### TASK PROMPT
Scan the entries for the string "lemma" and give the number of lines that have it, nothing further.

### DATA SECTION
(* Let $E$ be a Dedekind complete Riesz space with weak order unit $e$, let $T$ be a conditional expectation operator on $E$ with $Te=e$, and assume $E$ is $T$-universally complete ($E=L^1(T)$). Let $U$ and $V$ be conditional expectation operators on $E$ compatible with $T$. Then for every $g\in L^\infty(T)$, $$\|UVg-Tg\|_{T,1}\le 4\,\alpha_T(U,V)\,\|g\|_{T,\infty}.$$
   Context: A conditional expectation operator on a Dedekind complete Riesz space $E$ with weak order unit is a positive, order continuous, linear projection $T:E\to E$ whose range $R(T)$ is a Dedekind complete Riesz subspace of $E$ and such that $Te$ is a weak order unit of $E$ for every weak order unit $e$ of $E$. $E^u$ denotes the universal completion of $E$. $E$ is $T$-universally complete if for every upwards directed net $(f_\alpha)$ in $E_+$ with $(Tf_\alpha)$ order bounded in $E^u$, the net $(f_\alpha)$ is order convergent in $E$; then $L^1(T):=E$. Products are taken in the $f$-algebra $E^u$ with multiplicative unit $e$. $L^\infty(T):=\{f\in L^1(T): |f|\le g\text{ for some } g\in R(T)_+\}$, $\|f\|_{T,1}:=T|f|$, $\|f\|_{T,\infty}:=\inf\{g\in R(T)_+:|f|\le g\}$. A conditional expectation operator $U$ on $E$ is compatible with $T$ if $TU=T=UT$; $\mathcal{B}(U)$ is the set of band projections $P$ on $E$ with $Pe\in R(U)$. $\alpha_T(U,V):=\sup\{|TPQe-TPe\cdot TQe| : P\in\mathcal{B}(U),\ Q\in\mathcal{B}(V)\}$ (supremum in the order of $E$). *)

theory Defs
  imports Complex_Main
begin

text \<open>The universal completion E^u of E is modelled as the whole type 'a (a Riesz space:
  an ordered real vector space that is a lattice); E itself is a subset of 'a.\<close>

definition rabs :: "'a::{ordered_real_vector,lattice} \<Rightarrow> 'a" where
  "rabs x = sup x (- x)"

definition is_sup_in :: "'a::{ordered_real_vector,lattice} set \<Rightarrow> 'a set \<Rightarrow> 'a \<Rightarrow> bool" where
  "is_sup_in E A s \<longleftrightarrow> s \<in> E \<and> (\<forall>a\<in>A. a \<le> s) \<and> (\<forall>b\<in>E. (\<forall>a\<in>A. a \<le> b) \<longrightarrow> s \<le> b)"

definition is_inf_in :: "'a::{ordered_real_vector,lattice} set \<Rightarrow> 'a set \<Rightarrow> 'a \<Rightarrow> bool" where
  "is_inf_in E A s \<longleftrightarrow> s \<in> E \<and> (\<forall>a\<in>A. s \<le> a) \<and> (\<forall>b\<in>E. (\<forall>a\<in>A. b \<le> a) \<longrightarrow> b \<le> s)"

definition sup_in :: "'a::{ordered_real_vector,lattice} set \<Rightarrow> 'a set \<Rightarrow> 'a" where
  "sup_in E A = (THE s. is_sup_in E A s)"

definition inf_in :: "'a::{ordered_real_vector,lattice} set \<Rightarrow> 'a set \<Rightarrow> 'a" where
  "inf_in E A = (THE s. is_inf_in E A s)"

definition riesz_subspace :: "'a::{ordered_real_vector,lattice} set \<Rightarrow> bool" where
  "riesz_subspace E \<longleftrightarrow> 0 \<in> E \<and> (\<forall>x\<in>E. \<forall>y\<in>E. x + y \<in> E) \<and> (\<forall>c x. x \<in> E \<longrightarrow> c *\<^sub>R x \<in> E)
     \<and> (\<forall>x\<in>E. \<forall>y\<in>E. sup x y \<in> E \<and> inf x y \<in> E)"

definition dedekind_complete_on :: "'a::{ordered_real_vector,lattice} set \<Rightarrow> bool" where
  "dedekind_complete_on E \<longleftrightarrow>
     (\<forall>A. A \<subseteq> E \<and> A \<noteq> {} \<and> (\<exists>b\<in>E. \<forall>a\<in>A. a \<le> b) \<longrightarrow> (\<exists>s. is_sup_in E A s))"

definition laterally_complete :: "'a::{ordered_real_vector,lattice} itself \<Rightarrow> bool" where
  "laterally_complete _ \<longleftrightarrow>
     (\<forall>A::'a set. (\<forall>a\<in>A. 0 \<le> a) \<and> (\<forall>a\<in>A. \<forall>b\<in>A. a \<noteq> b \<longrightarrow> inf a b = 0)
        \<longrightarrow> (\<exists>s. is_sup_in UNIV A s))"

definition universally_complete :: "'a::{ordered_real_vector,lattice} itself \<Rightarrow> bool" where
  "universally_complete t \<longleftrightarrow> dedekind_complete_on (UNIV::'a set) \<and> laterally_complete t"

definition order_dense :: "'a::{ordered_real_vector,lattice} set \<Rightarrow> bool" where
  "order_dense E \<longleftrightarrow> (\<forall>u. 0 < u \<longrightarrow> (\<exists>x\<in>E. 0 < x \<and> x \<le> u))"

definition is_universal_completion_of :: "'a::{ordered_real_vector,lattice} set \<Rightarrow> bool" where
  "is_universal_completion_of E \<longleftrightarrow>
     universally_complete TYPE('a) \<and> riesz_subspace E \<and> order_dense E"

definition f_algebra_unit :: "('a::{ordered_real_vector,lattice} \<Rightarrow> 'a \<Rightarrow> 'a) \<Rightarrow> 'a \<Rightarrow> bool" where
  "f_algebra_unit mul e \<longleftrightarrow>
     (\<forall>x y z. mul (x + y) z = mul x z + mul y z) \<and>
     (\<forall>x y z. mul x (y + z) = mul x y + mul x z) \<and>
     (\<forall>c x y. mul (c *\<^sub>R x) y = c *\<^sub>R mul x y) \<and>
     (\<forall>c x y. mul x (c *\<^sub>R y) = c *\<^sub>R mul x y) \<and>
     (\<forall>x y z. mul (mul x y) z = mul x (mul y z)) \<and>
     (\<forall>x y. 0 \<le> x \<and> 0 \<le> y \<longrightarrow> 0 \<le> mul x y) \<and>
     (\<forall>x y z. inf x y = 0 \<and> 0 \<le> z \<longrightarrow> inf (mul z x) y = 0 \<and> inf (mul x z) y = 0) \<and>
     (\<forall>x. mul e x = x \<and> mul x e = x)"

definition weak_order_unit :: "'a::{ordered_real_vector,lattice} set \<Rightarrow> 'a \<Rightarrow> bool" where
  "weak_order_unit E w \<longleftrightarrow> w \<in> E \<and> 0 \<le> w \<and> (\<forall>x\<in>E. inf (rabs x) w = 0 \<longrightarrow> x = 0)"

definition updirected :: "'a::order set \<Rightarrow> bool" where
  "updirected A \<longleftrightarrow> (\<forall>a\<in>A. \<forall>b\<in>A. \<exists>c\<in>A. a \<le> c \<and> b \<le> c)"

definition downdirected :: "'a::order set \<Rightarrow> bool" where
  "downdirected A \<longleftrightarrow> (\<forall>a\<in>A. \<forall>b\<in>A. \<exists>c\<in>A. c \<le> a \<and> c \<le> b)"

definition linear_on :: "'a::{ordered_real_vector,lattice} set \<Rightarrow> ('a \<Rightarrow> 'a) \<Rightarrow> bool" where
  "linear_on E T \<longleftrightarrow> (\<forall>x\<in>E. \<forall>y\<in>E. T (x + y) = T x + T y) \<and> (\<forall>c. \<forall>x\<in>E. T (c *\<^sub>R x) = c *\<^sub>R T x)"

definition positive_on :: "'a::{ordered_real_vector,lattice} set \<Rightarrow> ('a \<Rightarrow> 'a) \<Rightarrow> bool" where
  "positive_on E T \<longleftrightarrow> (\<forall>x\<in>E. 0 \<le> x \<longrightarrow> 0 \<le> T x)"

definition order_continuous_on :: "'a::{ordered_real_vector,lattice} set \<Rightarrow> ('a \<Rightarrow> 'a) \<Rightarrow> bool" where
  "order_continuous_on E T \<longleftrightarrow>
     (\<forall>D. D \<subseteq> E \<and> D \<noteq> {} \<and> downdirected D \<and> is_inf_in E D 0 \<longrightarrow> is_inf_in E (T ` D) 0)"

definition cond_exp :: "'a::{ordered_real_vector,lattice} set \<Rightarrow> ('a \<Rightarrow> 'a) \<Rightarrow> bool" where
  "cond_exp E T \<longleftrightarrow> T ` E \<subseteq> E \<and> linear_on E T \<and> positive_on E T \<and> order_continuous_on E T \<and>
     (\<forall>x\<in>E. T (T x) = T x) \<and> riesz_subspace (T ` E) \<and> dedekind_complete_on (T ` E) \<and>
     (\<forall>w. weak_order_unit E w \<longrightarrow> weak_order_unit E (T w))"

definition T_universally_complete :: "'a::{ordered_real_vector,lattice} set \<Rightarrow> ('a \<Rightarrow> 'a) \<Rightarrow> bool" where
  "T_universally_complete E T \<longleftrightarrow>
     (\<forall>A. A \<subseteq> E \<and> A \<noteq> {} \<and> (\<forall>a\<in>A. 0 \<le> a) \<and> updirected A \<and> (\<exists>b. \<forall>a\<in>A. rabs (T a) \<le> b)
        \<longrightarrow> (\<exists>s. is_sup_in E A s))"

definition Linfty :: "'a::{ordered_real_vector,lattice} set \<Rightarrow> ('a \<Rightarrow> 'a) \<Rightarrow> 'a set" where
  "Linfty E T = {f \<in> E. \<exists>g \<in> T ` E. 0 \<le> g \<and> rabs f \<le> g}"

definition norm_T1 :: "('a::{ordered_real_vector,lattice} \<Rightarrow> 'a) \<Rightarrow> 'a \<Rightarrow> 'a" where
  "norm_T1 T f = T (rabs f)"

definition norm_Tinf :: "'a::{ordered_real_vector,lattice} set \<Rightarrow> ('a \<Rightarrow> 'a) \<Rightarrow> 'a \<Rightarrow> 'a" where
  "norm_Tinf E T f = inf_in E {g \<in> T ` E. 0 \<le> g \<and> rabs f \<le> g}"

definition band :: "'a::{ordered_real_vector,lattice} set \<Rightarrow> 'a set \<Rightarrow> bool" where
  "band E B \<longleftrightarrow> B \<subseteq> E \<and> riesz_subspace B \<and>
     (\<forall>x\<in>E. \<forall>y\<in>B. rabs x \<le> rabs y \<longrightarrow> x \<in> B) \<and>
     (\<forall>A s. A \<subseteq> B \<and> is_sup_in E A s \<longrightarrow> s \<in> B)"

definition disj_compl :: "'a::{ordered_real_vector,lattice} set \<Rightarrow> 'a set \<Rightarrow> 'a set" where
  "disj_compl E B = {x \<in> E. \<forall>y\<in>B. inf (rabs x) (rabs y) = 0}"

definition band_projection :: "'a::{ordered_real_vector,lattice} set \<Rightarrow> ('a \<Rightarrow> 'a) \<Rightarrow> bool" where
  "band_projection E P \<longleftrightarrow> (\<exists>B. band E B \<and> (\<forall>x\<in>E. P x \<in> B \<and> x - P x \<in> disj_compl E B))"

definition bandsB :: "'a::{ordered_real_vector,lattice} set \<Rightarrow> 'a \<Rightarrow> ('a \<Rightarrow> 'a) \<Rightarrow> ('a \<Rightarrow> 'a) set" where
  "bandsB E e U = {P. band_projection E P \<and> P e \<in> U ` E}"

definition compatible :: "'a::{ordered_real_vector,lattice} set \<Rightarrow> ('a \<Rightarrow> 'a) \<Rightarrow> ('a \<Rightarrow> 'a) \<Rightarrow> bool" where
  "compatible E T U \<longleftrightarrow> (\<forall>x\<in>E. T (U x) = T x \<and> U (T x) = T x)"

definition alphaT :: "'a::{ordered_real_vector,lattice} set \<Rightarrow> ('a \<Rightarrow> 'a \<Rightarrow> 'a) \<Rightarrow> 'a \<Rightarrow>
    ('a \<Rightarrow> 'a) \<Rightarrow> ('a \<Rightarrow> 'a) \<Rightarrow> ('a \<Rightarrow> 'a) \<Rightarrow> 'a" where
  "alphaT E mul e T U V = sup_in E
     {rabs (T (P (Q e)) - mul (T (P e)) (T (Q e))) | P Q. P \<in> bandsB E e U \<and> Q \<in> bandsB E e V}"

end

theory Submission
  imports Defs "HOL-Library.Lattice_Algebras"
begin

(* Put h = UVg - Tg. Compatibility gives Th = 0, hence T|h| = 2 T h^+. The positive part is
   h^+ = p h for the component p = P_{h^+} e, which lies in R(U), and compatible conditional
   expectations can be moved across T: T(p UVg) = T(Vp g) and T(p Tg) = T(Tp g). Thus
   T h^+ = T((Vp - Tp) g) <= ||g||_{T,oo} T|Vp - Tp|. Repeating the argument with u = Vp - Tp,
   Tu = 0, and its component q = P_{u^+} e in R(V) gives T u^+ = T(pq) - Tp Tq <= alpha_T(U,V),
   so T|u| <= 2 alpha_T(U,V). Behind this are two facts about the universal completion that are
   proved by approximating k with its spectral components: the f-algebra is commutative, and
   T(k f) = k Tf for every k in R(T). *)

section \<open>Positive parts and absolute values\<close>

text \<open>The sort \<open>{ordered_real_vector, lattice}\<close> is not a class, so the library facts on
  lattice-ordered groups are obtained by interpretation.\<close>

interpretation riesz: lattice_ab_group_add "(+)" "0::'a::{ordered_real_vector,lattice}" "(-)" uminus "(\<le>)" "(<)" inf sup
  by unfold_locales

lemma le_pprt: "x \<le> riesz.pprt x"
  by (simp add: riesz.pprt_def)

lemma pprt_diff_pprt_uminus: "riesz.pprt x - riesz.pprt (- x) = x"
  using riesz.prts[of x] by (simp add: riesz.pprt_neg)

--

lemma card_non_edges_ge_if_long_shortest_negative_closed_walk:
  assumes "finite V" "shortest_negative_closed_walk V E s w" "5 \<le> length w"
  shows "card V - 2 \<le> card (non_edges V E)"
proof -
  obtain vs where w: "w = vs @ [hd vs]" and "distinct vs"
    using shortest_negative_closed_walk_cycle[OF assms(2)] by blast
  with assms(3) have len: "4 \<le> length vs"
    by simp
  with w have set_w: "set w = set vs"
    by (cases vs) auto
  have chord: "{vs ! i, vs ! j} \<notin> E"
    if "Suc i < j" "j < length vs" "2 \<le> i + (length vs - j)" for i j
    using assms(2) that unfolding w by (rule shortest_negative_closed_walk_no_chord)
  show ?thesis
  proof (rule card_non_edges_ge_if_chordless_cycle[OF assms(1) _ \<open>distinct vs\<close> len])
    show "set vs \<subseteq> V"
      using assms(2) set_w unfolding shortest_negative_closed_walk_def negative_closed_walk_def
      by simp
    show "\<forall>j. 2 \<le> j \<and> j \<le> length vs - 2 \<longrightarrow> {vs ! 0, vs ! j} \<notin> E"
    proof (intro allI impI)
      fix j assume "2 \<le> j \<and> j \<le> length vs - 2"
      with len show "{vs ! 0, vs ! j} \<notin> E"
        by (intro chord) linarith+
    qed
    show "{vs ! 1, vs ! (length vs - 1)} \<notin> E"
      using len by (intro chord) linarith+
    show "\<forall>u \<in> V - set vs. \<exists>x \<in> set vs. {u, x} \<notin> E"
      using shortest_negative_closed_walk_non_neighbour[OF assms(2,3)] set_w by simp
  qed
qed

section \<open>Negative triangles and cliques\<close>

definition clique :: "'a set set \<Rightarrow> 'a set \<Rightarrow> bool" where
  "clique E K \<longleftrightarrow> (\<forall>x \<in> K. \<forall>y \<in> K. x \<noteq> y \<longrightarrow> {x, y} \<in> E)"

### ANSWER BELOW
3